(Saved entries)

○ ○ ○ ○

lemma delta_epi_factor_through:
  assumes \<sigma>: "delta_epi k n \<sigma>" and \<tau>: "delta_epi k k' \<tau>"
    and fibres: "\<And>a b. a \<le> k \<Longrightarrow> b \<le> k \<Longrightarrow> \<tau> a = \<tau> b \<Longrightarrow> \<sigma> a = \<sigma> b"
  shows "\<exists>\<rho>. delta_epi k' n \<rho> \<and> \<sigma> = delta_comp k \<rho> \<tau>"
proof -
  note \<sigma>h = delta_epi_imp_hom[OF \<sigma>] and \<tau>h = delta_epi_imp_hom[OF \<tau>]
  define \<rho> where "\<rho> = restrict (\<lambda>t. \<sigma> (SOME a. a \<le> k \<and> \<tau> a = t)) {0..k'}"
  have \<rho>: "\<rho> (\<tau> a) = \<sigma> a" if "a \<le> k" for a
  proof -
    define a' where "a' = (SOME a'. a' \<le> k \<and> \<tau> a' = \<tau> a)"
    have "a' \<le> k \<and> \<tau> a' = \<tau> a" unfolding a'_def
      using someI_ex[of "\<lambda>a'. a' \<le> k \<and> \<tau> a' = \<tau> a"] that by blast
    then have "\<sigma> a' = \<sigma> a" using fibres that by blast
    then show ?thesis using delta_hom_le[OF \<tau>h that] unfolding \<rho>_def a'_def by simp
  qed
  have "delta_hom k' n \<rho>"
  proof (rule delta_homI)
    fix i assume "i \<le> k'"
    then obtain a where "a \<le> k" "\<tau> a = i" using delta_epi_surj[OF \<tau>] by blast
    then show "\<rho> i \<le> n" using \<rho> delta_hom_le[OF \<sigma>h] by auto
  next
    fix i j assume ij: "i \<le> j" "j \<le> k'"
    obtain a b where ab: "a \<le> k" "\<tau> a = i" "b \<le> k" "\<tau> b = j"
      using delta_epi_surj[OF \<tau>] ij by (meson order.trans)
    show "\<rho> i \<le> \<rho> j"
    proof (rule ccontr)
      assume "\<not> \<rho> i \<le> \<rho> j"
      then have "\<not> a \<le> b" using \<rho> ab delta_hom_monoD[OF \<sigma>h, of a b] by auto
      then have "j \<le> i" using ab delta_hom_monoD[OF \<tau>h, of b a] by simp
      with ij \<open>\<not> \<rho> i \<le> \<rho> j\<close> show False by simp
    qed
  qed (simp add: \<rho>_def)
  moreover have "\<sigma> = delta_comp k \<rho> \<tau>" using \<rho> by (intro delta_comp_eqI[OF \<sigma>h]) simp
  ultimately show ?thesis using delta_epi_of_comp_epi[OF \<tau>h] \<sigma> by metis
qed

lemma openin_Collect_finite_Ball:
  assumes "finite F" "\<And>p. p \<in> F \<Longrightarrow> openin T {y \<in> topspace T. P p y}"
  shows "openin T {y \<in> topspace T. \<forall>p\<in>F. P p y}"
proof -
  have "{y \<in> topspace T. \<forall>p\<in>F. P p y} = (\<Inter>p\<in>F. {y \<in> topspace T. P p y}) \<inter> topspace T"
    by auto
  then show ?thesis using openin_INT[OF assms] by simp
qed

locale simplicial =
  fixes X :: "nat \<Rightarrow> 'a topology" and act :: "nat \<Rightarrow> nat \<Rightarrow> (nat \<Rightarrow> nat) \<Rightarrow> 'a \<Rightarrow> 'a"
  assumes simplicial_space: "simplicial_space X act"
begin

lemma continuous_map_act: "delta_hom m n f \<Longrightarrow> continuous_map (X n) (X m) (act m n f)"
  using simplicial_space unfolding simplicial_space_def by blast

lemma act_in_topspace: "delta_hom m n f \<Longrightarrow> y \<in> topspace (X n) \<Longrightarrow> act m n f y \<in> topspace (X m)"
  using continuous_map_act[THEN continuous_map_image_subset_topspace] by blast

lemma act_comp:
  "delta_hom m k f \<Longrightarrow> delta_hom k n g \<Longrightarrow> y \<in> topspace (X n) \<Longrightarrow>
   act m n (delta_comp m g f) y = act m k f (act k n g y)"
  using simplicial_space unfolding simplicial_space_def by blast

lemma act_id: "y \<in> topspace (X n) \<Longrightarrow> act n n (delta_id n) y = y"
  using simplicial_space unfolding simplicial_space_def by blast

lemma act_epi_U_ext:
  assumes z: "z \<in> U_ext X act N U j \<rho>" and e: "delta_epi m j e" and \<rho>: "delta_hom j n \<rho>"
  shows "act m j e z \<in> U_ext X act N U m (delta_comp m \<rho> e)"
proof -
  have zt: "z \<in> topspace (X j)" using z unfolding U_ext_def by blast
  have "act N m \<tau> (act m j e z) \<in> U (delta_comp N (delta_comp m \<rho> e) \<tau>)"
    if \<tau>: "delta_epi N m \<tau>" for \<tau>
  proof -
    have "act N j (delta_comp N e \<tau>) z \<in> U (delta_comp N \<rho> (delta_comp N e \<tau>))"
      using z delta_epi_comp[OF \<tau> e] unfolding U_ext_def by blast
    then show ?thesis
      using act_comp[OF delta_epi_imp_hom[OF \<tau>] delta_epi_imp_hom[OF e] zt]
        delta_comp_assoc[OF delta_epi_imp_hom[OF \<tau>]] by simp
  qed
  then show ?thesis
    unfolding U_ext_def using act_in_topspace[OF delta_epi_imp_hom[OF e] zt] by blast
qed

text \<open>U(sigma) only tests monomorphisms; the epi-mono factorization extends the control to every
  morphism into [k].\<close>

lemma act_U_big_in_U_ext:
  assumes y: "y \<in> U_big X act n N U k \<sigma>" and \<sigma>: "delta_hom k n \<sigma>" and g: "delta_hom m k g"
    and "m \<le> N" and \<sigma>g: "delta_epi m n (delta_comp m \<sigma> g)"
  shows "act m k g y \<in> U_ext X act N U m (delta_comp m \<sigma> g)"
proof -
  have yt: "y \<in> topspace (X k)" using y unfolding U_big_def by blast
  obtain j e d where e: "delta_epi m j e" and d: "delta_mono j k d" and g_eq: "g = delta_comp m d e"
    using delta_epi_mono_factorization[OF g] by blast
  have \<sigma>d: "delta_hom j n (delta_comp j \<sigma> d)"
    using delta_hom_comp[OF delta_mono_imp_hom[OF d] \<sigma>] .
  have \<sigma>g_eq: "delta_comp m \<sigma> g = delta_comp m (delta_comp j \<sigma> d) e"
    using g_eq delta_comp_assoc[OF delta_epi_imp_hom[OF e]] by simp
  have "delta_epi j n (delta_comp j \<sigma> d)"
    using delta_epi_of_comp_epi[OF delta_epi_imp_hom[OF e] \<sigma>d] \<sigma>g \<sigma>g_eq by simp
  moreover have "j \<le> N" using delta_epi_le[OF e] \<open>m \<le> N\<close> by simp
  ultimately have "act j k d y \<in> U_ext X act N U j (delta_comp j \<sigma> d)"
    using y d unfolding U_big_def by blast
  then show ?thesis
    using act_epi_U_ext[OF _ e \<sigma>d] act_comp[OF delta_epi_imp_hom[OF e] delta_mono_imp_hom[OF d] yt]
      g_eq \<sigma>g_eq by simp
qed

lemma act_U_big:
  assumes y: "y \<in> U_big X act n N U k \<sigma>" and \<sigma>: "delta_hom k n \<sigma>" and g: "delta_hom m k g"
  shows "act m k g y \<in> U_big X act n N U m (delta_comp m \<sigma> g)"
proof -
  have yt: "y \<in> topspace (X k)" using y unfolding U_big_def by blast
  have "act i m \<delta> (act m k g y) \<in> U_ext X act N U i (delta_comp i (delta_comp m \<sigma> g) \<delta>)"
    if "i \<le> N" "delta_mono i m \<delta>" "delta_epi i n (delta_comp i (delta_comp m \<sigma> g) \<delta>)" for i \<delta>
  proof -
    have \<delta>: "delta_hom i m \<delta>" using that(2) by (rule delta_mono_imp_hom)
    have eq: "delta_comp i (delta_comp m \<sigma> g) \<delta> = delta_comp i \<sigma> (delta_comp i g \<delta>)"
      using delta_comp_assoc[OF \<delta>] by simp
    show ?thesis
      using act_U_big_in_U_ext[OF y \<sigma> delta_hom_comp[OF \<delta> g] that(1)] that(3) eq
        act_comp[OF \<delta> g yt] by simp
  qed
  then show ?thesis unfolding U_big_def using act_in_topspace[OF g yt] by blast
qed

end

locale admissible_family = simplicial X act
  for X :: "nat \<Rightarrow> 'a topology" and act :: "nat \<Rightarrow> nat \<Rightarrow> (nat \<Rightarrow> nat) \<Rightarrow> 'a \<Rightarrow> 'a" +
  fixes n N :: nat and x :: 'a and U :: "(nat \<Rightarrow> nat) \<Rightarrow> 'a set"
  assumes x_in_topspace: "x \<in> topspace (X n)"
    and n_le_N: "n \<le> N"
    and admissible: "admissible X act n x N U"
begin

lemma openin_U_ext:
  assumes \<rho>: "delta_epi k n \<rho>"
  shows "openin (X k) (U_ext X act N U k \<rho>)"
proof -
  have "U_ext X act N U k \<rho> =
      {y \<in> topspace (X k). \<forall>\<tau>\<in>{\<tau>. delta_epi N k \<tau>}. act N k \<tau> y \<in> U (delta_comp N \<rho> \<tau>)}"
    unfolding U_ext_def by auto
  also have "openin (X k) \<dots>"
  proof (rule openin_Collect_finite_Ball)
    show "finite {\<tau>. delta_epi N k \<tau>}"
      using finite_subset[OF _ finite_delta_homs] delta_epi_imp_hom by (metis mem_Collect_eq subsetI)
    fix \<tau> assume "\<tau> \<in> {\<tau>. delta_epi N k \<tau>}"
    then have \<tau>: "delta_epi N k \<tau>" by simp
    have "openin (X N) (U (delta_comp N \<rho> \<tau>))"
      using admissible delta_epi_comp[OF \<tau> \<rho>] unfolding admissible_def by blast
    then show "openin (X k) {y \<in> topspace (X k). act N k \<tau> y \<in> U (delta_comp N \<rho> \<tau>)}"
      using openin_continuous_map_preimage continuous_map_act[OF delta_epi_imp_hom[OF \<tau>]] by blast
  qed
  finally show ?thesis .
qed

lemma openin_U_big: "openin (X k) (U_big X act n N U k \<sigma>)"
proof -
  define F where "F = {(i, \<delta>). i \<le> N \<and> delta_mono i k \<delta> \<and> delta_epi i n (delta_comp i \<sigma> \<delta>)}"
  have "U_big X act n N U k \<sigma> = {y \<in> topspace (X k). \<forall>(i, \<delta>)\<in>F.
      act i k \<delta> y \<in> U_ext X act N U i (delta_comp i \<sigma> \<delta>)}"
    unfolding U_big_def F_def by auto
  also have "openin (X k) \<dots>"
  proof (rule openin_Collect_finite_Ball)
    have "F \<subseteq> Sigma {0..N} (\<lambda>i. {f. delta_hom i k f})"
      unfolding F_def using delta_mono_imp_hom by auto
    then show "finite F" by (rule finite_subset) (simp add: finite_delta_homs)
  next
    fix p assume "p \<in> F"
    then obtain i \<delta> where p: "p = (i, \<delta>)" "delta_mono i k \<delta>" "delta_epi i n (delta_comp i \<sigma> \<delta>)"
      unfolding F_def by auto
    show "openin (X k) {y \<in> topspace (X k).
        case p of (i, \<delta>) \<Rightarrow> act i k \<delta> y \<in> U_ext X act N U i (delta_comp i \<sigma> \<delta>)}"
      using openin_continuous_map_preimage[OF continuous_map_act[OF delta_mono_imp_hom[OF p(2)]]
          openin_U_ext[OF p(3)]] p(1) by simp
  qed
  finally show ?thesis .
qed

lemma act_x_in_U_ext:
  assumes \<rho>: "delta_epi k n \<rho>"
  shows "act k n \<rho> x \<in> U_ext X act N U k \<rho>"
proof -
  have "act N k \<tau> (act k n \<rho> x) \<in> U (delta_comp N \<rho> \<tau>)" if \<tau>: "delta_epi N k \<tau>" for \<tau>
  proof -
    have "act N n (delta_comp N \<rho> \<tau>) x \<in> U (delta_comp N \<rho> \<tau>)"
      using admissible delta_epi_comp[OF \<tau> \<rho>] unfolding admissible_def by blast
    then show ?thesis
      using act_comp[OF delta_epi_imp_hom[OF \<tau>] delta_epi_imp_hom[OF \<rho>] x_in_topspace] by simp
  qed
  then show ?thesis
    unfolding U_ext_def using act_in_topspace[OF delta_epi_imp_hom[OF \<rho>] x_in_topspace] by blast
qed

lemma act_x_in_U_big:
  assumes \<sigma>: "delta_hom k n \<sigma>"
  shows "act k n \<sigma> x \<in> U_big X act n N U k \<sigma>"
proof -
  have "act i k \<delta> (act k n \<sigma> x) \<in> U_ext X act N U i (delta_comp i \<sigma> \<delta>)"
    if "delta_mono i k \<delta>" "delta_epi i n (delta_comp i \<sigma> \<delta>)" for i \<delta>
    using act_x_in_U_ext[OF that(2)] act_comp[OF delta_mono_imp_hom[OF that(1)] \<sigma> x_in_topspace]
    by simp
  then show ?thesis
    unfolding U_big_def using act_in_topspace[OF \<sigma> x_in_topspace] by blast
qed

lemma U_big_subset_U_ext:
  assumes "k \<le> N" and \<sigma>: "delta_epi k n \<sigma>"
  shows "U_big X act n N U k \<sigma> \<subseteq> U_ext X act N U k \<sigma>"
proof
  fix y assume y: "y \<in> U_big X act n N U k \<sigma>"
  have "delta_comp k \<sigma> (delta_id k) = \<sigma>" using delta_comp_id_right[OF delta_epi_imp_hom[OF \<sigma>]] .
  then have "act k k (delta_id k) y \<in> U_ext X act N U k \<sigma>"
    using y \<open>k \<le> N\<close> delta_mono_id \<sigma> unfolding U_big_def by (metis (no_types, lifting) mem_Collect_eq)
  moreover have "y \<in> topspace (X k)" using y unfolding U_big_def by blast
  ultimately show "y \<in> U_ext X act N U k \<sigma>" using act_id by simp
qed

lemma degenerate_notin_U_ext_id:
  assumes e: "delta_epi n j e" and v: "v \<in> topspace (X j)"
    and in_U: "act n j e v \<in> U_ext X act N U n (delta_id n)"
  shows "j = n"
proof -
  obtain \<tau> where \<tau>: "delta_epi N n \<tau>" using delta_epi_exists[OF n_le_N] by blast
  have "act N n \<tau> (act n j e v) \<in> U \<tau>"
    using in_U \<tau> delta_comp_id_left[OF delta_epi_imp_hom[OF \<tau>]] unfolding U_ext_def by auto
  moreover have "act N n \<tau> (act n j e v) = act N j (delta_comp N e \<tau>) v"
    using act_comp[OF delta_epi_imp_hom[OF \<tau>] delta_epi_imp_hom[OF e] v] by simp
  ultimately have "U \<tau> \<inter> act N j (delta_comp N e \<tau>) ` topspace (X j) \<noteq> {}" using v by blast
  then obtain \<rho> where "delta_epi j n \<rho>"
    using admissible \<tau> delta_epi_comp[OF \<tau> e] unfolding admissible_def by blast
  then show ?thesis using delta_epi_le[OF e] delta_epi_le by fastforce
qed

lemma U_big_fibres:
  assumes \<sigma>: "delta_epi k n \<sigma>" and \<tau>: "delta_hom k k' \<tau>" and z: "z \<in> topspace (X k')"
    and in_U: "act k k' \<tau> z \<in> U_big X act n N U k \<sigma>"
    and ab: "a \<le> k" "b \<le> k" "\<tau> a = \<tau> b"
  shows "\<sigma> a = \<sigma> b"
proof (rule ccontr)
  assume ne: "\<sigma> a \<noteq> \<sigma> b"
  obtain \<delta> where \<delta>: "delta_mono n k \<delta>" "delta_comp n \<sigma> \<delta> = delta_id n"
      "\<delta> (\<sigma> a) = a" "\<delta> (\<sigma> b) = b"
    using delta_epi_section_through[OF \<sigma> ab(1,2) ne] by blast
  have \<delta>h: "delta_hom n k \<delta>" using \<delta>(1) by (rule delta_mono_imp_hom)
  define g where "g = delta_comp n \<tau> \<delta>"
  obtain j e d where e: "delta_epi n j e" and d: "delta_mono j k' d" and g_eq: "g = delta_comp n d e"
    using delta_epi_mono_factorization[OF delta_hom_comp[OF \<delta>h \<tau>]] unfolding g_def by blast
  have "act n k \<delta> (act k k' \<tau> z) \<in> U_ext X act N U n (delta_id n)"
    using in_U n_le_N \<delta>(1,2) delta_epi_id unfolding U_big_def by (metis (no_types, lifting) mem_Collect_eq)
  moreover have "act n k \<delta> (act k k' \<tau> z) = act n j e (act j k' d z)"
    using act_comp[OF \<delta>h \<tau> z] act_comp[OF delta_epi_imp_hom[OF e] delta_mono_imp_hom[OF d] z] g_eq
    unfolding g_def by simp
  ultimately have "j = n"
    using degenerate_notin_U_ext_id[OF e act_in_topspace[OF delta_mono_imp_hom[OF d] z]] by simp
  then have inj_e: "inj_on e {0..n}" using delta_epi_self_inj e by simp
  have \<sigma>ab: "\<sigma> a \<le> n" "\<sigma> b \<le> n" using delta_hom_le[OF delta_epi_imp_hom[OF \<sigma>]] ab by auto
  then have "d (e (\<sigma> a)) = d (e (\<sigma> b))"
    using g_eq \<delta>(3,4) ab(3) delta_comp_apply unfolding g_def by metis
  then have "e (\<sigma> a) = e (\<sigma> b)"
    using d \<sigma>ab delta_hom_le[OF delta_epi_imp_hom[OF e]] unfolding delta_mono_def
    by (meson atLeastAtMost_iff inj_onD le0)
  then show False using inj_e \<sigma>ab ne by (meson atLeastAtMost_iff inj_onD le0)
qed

○ ○ ○ ○

- [TASK DIRECTIONS]
Return each line of the entries that holds the string "False".

- [RESPONSE AREA]
      with ij \<open>\<not> \<rho> i \<le> \<rho> j\<close> show False by simp
  then show False using inj_e \<sigma>ab ne by (meson atLeastAtMost_iff inj_onD le0)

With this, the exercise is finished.